Monday, 11 June 2012

Contributing to the Millennium Development Goals

We've mentioned previously that this project is addressing two different Millennium Development Goals of the United Nations.  Here's a bit more about what we're doing and how it's contributing to realizing these goals.

Millennium Developmeng Goal # 2: Achieve Universal Primary Education
It's easy to imagine the difference universal education could make in the world.  Making education accessible to all youth is a huge way to break the cycle of poverty.  With education comes employment.  With employment come opportunities - not just for yourself, by for future generations.  This might be the best way to reverse the downward spiral to absolute poverty.

Madagascar 2012 is contributing to this by making education more accessible in rural areas, which are normally quite difficult environments to promote education in.  Youth are normally needed for farming and other work.  Transportation to school is also quite difficult in rural areas.  By building dormitories, youth, in particular girls, will be able to board right at the school.

It's not just about primary education though.  By contributing to the accessibility of secondary education, which Madagascar 2012 is doing, the literacy and numeracy gained in primary school go further than simply developing youth.  It literally contributes to developing a nation.

Millennium Development Goal # 3: Promote Gender Equality and Empower Women
This one might seem a little unclear.  How do we promote gender equality and empower women?  There are a lot of great ways to do this, and in fact, this project will deal with this goal in three different ways!  Gender inequality can be found around the world in many different ways.  One way is through access to education.  This is a big one.  If girls cannot go to school, they are bound to work in what is considered a very vulnerable sector: being self-employed, or working unpaid within the home.  When girls are able to attend school, they can contribute to so many different parts of society.  They are able to secure gainful employment and serve as role models to other girls.  This is where the dormitories come in.  Barriers to education for girls include simply not being able to get there.  By building a campus and dormitories for girls, they will be able to board right at the school, eliminating the need for daily transportation to school.

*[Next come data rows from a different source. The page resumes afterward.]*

(* Let $\varphi:[0,1]\to[0,1]$ be non-decreasing and continuously differentiable with $\varphi(0)=0$, $\varphi(1)=1$, and suppose $z\mapsto z\varphi(z)$ is convex. Consider the problem of finding a piecewise constant function $\psi$ on $[0,1]$ with $2$ pieces (i.e. constant on $[0,z)$ and on $[z,1]$ for some $z\in[0,1]$) such that $\psi\leq\varphi$ on $[0,1]$ and $\int_0^1(\varphi(t)-\psi(t))\,dt$ is minimal. Then the minimum is reached with a step $z$ satisfying $(1-z)\varphi'(z)=\varphi(z)$. *)

theory Defs
  imports "HOL-Analysis.Analysis"
begin

definition step2 :: "real \<Rightarrow> real \<Rightarrow> real \<Rightarrow> real \<Rightarrow> real" where
  "step2 z a b t = (if t < z then a else b)"

definition admissible2 :: "(real \<Rightarrow> real) \<Rightarrow> real \<Rightarrow> real \<Rightarrow> real \<Rightarrow> bool" where
  "admissible2 \<phi> z a b \<longleftrightarrow> z \<in> {0..1} \<and> (\<forall>t\<in>{0..1}. step2 z a b t \<le> \<phi> t)"

definition err2 :: "(real \<Rightarrow> real) \<Rightarrow> real \<Rightarrow> real \<Rightarrow> real \<Rightarrow> real" where
  "err2 \<phi> z a b = integral {0..1} (\<lambda>t. \<phi> t - step2 z a b t)"

end

theory Submission
  imports Defs
begin

text \<open>The error is \<open>\<integral>\<phi>\<close> minus the area under the step, so one maximises that area.
  Admissibility forces \<open>a \<le> \<phi> 0\<close> and \<open>b \<le> \<phi> z\<close>, and for monotone \<open>\<phi>\<close> these bounds are
  attained; with \<open>\<phi> 0 = 0\<close> the problem becomes maximising \<open>(1 - z) \<phi> z\<close> over \<open>[0,1]\<close>.
  This is positive near \<open>1\<close> and vanishes at both endpoints, so it is maximised in the interior,
  where Fermat's rule gives \<open>(1 - z) \<phi>' z = \<phi> z\<close>.\<close>

lemma has_integral_step2:
  assumes "z \<in> {0..1}"
  shows "(step2 z a b has_integral (z * a + (1 - z) * b)) {0..1}"
proof -
  have left: "(step2 z a b has_integral (z * a)) {0..z}"
  proof (rule has_integral_spike_finite[of "{z}" _ _ "\<lambda>_. a"])
    show "((\<lambda>_. a) has_integral (z * a)) {0..z}"
      using has_integral_const_real[of a 0 z] assms by simp
  qed (auto simp: step2_def)
  have right: "(step2 z a b has_integral ((1 - z) * b)) {z..1}"
  proof (rule has_integral_spike_finite[of "{}" _ _ "\<lambda>_. b"])
    show "((\<lambda>_. b) has_integral ((1 - z) * b)) {z..1}"
      using has_integral_const_real[of b z 1] assms by simp
  qed (auto simp: step2_def)
  show ?thesis
    using has_integral_combine[OF _ _ left right] assms by auto
qed

lemma err2_eq:
  assumes "\<phi> integrable_on {0..1}" and "z \<in> {0..1}"
  shows "err2 \<phi> z a b = integral {0..1} \<phi> - (z * a + (1 - z) * b)"
  using integral_diff[OF assms(1) has_integral_integrable[OF has_integral_step2]]
    integral_unique[OF has_integral_step2] assms(2)
  unfolding err2_def by simp

lemma admissible2_area_le:
  assumes "admissible2 \<phi> z a b"
  shows "z * a + (1 - z) * b \<le> z * \<phi> 0 + (1 - z) * \<phi> z"
proof -
  have z: "z \<in> {0..1}" and below: "\<And>t. t \<in> {0..1} \<Longrightarrow> step2 z a b t \<le> \<phi> t"
    using assms unfolding admissible2_def by auto
  have "z * a \<le> z * \<phi> 0"
  proof (cases "z = 0")
    case False
    then show ?thesis
      using below[of 0] z by (auto simp: step2_def intro: mult_left_mono)
  qed simp
  moreover have "(1 - z) * b \<le> (1 - z) * \<phi> z"
  proof (cases "z = 1")
    case False
    then show ?thesis
      using below[of z] z by (auto simp: step2_def intro: mult_left_mono)
  qed simp
  ultimately show ?thesis by simp
qed

lemma admissible2_mono_step:
  assumes "mono_on {0..1} \<phi>" and "z \<in> {0..1}"
  shows "admissible2 \<phi> z (\<phi> 0) (\<phi> z)"
  unfolding admissible2_def step2_def
  using assms by (auto intro: mono_onD)

lemma err2_mono_step_minimal:
  assumes "mono_on {0..1} \<phi>" and "\<phi> integrable_on {0..1}" and "z \<in> {0..1}"
    and "\<And>y. y \<in> {0..1} \<Longrightarrow> y * \<phi> 0 + (1 - y) * \<phi> y \<le> z * \<phi> 0 + (1 - z) * \<phi> z"
    and "admissible2 \<phi> z' a' b'"
  shows "err2 \<phi> z (\<phi> 0) (\<phi> z) \<le> err2 \<phi> z' a' b'"
proof -
  have "z' \<in> {0..1}"
    using assms(5) unfolding admissible2_def by simp
  then show ?thesis
    using err2_eq[OF assms(2) assms(3)] err2_eq[OF assms(2) \<open>z' \<in> {0..1}\<close>]
      admissible2_area_le[OF assms(5)] assms(4)[of z'] by simp
qed

lemma interior_max_deriv_zero:
  fixes g :: "real \<Rightarrow> real"
  assumes "z \<in> {0<..<1}" and "(g has_real_derivative D) (at z within {0..1})"
    and "\<And>y. y \<in> {0..1} \<Longrightarrow> g y \<le> g z"
  shows "D = 0"
proof (rule DERIV_local_max)
  have "at z within {0..1} = at z"
    using assms(1) by (intro at_within_interior) auto
  then show "(g has_real_derivative D) (at z)"
    using assms(2) by simp
  show "0 < min z (1 - z)"
    using assms(1) by simp
  show "\<forall>y. \<bar>z - y\<bar> < min z (1 - z) \<longrightarrow> g y \<le> g z"
    using assms(3) by (auto simp: abs_less_iff)
qed

lemma exists_pos_weighted_near_one:
  fixes \<phi> :: "real \<Rightarrow> real"
  assumes "continuous_on {0..1} \<phi>" and "\<phi> 1 > 0"
  shows "\<exists>t\<in>{0..1}. (1 - t) * \<phi> t > 0"
proof -
  have "(\<phi> \<longlongrightarrow> \<phi> 1) (at 1 within {0..<1})"
  proof (rule tendsto_within_subset)
    show "(\<phi> \<longlongrightarrow> \<phi> 1) (at 1 within {0..1})"
      using assms(1) by (simp add: continuous_on_def)
  qed auto
  then have "\<forall>\<^sub>F t in at 1 within {0..<1}. \<phi> t > 0"
    using assms(2) by (rule order_tendstoD)
  moreover have "\<forall>\<^sub>F t in at 1 within {0..<1}. t \<in> {0..<1}"
    by (simp add: eventually_at_filter)
  moreover have "at (1::real) within {0..<1} \<noteq> bot"
    by (simp add: at_within_eq_bot_iff closure_atLeastLessThan)
  ultimately obtain t where "t \<in> {0..<1}" "\<phi> t > 0"
    using eventually_happens'[OF _ eventually_conj] by blast
  then show ?thesis by (intro bexI[of _ t]) auto
qed

theorem proposition3:
  fixes \<phi> \<phi>' :: "real \<Rightarrow> real"
  assumes "mono_on {0..1} \<phi>"
    and "\<phi> ` {0..1} \<subseteq> {0..1}"
    and "\<phi> 0 = 0" and "\<phi> 1 = 1"
    and "\<And>t. t \<in> {0..1} \<Longrightarrow> (\<phi> has_real_derivative \<phi>' t) (at t within {0..1})"
    and "continuous_on {0..1} \<phi>'"
    and "convex_on {0..1} (\<lambda>z. z * \<phi> z)"
  shows "\<exists>z a b. admissible2 \<phi> z a b
           \<and> (\<forall>z' a' b'. admissible2 \<phi> z' a' b' \<longrightarrow> err2 \<phi> z a b \<le> err2 \<phi> z' a' b')
           \<and> (1 - z) * \<phi>' z = \<phi> z"
proof -
  have cont: "continuous_on {0..1} \<phi>"
    using assms(5) DERIV_continuous continuous_on_eq_continuous_within by blast
  define g where "g z = (1 - z) * \<phi> z" for z
  have g_cont: "continuous_on {0..1} g"
    unfolding g_def by (intro continuous_intros cont)
  obtain z where z: "z \<in> {0..1}" and max: "\<And>y. y \<in> {0..1} \<Longrightarrow> g y \<le> g z"
    using continuous_attains_sup[OF compact_Icc _ g_cont] by auto
  obtain t where "t \<in> {0..1}" "g t > 0"
    using exists_pos_weighted_near_one[OF cont] assms(4) unfolding g_def by auto
  then have "g z > 0"
    using max[of t] by simp
  then have z_interior: "z \<in> {0<..<1}"
    using z assms(3) unfolding g_def by (auto simp: order_le_less)
  have g_deriv: "(g has_real_derivative ((1 - z) * \<phi>' z - \<phi> z)) (at z within {0..1})"
    unfolding g_def using z by (auto intro!: derivative_eq_intros assms(5))
  have stationary: "(1 - z) * \<phi>' z - \<phi> z = 0"
    by (rule interior_max_deriv_zero[OF z_interior g_deriv max])
  have integrable: "\<phi> integrable_on {0..1}"
    using cont integrable_continuous_real by blast
  have optimal: "err2 \<phi> z (\<phi> 0) (\<phi> z) \<le> err2 \<phi> z' a' b'"
    if "admissible2 \<phi> z' a' b'" for z' a' b'
    using err2_mono_step_minimal[OF assms(1) integrable z _ that] max assms(3)
    unfolding g_def by simp
  show ?thesis
    using admissible2_mono_step[OF assms(1) z] optimal stationary by auto
qed

end
(* Let $m\in\{2,3\}$, and let $S\ni h$ be a polarized lattice with $h^2\ge4$ if $m=2$ and $h^2=8$ if $m=3$, which is $(m-1)$-admissible. Let $\Delta$ be a Weyl chamber for $\operatorname{rt}(S,h)$, $\bar P$ the corresponding closed fundamental polyhedron, and $w\in\bar P$ an $m$-isotropic vector. Then: (1) if $h^2=4$ and $m=2$, there are at most two $2$-isotropic vectors in $\bar P$, and if there are two, $w\ne\bar w$, then $w+\bar w=h$; (2) otherwise, $w$ is the unique $m$-isotropic vector in $\bar P$. Furthermore, $l\cdot w\in\{0,1\}$ for each line $l\in\operatorname{Fn}_\Delta(S,h)$ and $e\cdot w\in\{0,1\}$ for each exceptional divisor $e\in\mathfrak{b}(\Delta)$.
   Context: All lattices even; $(S,h)$ polarized means $S$ hyperbolic, $h^2>0$. $\operatorname{root}_n(S,h)=\{r: r^2=-2,\ r\cdot h=n\}$, $\operatorname{rt}(S,h)$ spanned by $\operatorname{root}_0(S,h)$. A Weyl chamber $\Delta$ has positive roots $P_\Delta$ and simple roots $\mathfrak{b}(\Delta)$ (exceptional divisors). $\bar P=\{v\in S\otimes\mathbb{R}: v^2\ge0,\ v\cdot h\ge0,\ v\cdot r\ge0 \text{ for all } r\in P_\Delta \text{ and all roots } r \text{ with } r\cdot h>0\}$. Lines: $\operatorname{Fn}_\Delta(S,h)=\{l\in\operatorname{root}_1(S,h): l\cdot e\ge0\ \forall e\in\mathfrak{b}(\Delta)\}$. $w$ is $m$-isotropic if $w^2=0$, $w\cdot h=m$. $1$-admissible: no $1$-isotropic vector; $2$-admissible: $h^2\ge4$ and no $1$- or $2$-isotropic vector. *)

theory Defs
  imports "HOL-Analysis.Analysis"
begin

text \<open>A lattice of rank CARD('n) is modelled as int^'n with Gram matrix G.\<close>

definition bi :: "int^'n^'n \<Rightarrow> int^'n \<Rightarrow> int^'n \<Rightarrow> int" where
  "bi G x y = (\<Sum>i\<in>UNIV. \<Sum>j\<in>UNIV. x$i * G$i$j * y$j)"

definition br :: "int^'n^'n \<Rightarrow> real^'n \<Rightarrow> real^'n \<Rightarrow> real" where
  "br G x y = (\<Sum>i\<in>UNIV. \<Sum>j\<in>UNIV. x$i * real_of_int (G$i$j) * y$j)"

definition emb :: "int^'n \<Rightarrow> real^'n" where
  "emb x = (\<chi> i. real_of_int (x$i))"

definition even_lattice :: "int^'n^'n \<Rightarrow> bool" where
  "even_lattice G \<longleftrightarrow> (\<forall>i j. G$i$j = G$j$i) \<and> (\<forall>i. even (G$i$i))"

text \<open>Hyperbolic: nondegenerate of signature (1, rank-1).\<close>
definition hyperbolic :: "int^'n^'n \<Rightarrow> bool" where
  "hyperbolic G \<longleftrightarrow> (\<exists>x. br G x x > 0) \<and>
     (\<forall>x y. br G x x > 0 \<and> br G x y = 0 \<and> y \<noteq> 0 \<longrightarrow> br G y y < 0)"

definition polarized :: "int^'n^'n \<Rightarrow> int^'n \<Rightarrow> bool" where
  "polarized G h \<longleftrightarrow> even_lattice G \<and> hyperbolic G \<and> bi G h h > 0"

definition root :: "int^'n^'n \<Rightarrow> int^'n \<Rightarrow> int \<Rightarrow> (int^'n) set" where
  "root G h n = {r. bi G r r = -2 \<and> bi G r h = n}"

text \<open>Weyl chamber for rt(S,h): a connected component of the complement, in rt(S,h) tensor R,
  of the hyperplanes orthogonal to the roots in root_0(S,h).\<close>
definition weyl_chamber :: "int^'n^'n \<Rightarrow> int^'n \<Rightarrow> (real^'n) set \<Rightarrow> bool" where
  "weyl_chamber G h D \<longleftrightarrow>
     (let U = span (emb ` root G h 0) - (\<Union>r\<in>root G h 0. {x. br G x (emb r) = 0})
      in \<exists>x\<in>U. D = connected_component_set U x)"

definition pos_roots :: "int^'n^'n \<Rightarrow> int^'n \<Rightarrow> (real^'n) set \<Rightarrow> (int^'n) set" where
  "pos_roots G h D = {r\<in>root G h 0. \<forall>x\<in>D. br G x (emb r) > 0}"

definition simple_roots :: "int^'n^'n \<Rightarrow> int^'n \<Rightarrow> (real^'n) set \<Rightarrow> (int^'n) set" where
  "simple_roots G h D = {r\<in>pos_roots G h D.
     \<not> (\<exists>a\<in>pos_roots G h D. \<exists>b\<in>pos_roots G h D. r = a + b)}"

definition Pbar :: "int^'n^'n \<Rightarrow> int^'n \<Rightarrow> (real^'n) set \<Rightarrow> (real^'n) set" where
  "Pbar G h D = {v. br G v v \<ge> 0 \<and> br G v (emb h) \<ge> 0 \<and>
     (\<forall>r\<in>pos_roots G h D. br G v (emb r) \<ge> 0) \<and>
     (\<forall>r. bi G r r = -2 \<and> bi G r h > 0 \<longrightarrow> br G v (emb r) \<ge> 0)}"

definition lines :: "int^'n^'n \<Rightarrow> int^'n \<Rightarrow> (real^'n) set \<Rightarrow> (int^'n) set" where
  "lines G h D = {l\<in>root G h 1. \<forall>e\<in>simple_roots G h D. bi G l e \<ge> 0}"

definition isotropic :: "int^'n^'n \<Rightarrow> int^'n \<Rightarrow> int \<Rightarrow> int^'n \<Rightarrow> bool" where
  "isotropic G h m w \<longleftrightarrow> bi G w w = 0 \<and> bi G w h = m"

definition admissible :: "int^'n^'n \<Rightarrow> int^'n \<Rightarrow> int \<Rightarrow> bool" where
  "admissible G h k \<longleftrightarrow> (k \<ge> 2 \<longrightarrow> bi G h h \<ge> 4) \<and>
     (\<forall>j\<in>{1..k}. \<not> (\<exists>w. isotropic G h j w))"

end

theory Submission
  imports Defs
begin

text \<open>Everything rests on the Hodge index inequality \<open>h\<^sup>2 x\<^sup>2 \<le> (x\<cdot>h)\<^sup>2\<close> and its
  equality case \<open>h\<^sup>2 x = (x\<cdot>h) h\<close>. If \<open>w \<noteq> w'\<close> are \<open>m\<close>-isotropic vectors of the
  fundamental polyhedron, then \<open>w - w'\<close> is orthogonal to \<open>h\<close>, hence negative, so
  \<open>k = w\<cdot>w' > 0\<close>; \<open>k = 1\<close> would make \<open>\<plusminus>(w - w')\<close> a positive root of \<open>rt(S,h)\<close> pairing
  negatively with \<open>w\<close> or \<open>w'\<close>. So \<open>k \<ge> 2\<close>, and the Hodge inequality for \<open>w + w'\<close> leaves
  only \<open>w + w' = h\<close> (when \<open>h\<^sup>2 = 4\<close>, \<open>m = 2\<close>) or produces the 2-isotropic vector
  \<open>h - w - w'\<close> (when \<open>h\<^sup>2 = 8\<close>, \<open>m = 3\<close>). Likewise a line or an exceptional divisor \<open>x\<close>
  with \<open>x\<cdot>w \<ge> 2\<close> makes \<open>w + x\<close> violate the Hodge inequality, except in two borderline
  cases: for \<open>m = 2\<close> the vector \<open>h - w - x\<close> is 1-isotropic, and for \<open>m = 3\<close> the equality
  case gives \<open>2(w + x) = h\<close>, contradicting \<open>w\<cdot>h = 3\<close>.\<close>

lemma bi_add_left: "bi G (x + y) z = bi G x z + bi G y z"
  by (simp add: bi_def ring_distribs sum.distrib)

lemma bi_add_right: "bi G z (x + y) = bi G z x + bi G z y"
  by (simp add: bi_def ring_distribs sum.distrib)

lemma bi_diff_left: "bi G (x - y) z = bi G x z - bi G y z"
  by (simp add: bi_def ring_distribs sum_subtractf)

lemma bi_diff_right: "bi G z (x - y) = bi G z x - bi G z y"
  by (simp add: bi_def ring_distribs sum_subtractf)

lemma bi_minus_left: "bi G (- x) z = - bi G x z"
  by (simp add: bi_def sum_negf)

lemma bi_minus_right: "bi G z (- x) = - bi G z x"
  by (simp add: bi_def sum_negf)

lemma bi_smult_left: "bi G (c *s x) z = c * bi G x z"
  by (simp add: bi_def sum_distrib_left mult_ac)

lemma bi_smult_right: "bi G z (c *s x) = c * bi G z x"
  by (simp add: bi_def sum_distrib_left mult_ac)

lemmas bi_linear = bi_add_left bi_add_right bi_diff_left bi_diff_right
  bi_minus_left bi_minus_right bi_smult_left bi_smult_right

lemma bi_commute:
  assumes "even_lattice G"
  shows "bi G x y = bi G y x"
proof -
  have sym: "G$i$j = G$j$i" for i j
    using assms by (simp add: even_lattice_def)
  have "bi G y x = (\<Sum>j\<in>UNIV. \<Sum>i\<in>UNIV. y$i * G$i$j * x$j)"
    unfolding bi_def by (rule sum.swap)
  also have "\<dots> = bi G x y"
    unfolding bi_def by (intro sum.cong refl) (simp add: sym mult_ac)
  finally show ?thesis by simp
qed

lemma br_emb_emb: "br G (emb x) (emb y) = of_int (bi G x y)"
  by (simp add: br_def bi_def emb_def)

lemma emb_eq_0_iff: "emb x = 0 \<longleftrightarrow> x = 0"
  by (simp add: emb_def vec_eq_iff)

lemma emb_uminus: "emb (- x) = - emb x"
  by (simp add: emb_def vec_eq_iff)

lemma br_minus_right: "br G z (- x) = - br G z x"
  by (simp add: br_def sum_negf)

lemma hyperbolic_orthogonal_negative:
  assumes "hyperbolic G" "bi G x x > 0" "bi G x y = 0" "y \<noteq> 0"
  shows "bi G y y < 0"
proof -
  have "br G (emb y) (emb y) < 0"
    using assms unfolding hyperbolic_def by (metis br_emb_emb emb_eq_0_iff of_int_0 of_int_pos)
  then show ?thesis
    by (simp add: br_emb_emb)
qed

Another barrier to gender equality is the presence of designated sanitary facilities for girls and boys at school  This goes a long way to promote gender sensitivity and awareness by showing that men and women are different, but equal.  It also contributes to a safer school environment for girls.  This aspect of gender equality is being addressed by building a washroom facility on the secure campus for the girls who are staying at the dorms (and other girls who are attending the school).

More than anything though, by making it possible for girls to go to school, it reduces their domestic responsibilities, which have traditionally included tasks like fetching water (also addressed by this project by digging wells right in the community).  When older girls are literate, employed and educated, they serve as role models for younger girls.  It makes it possible to imagine something much bigger than might have otherwise been possible.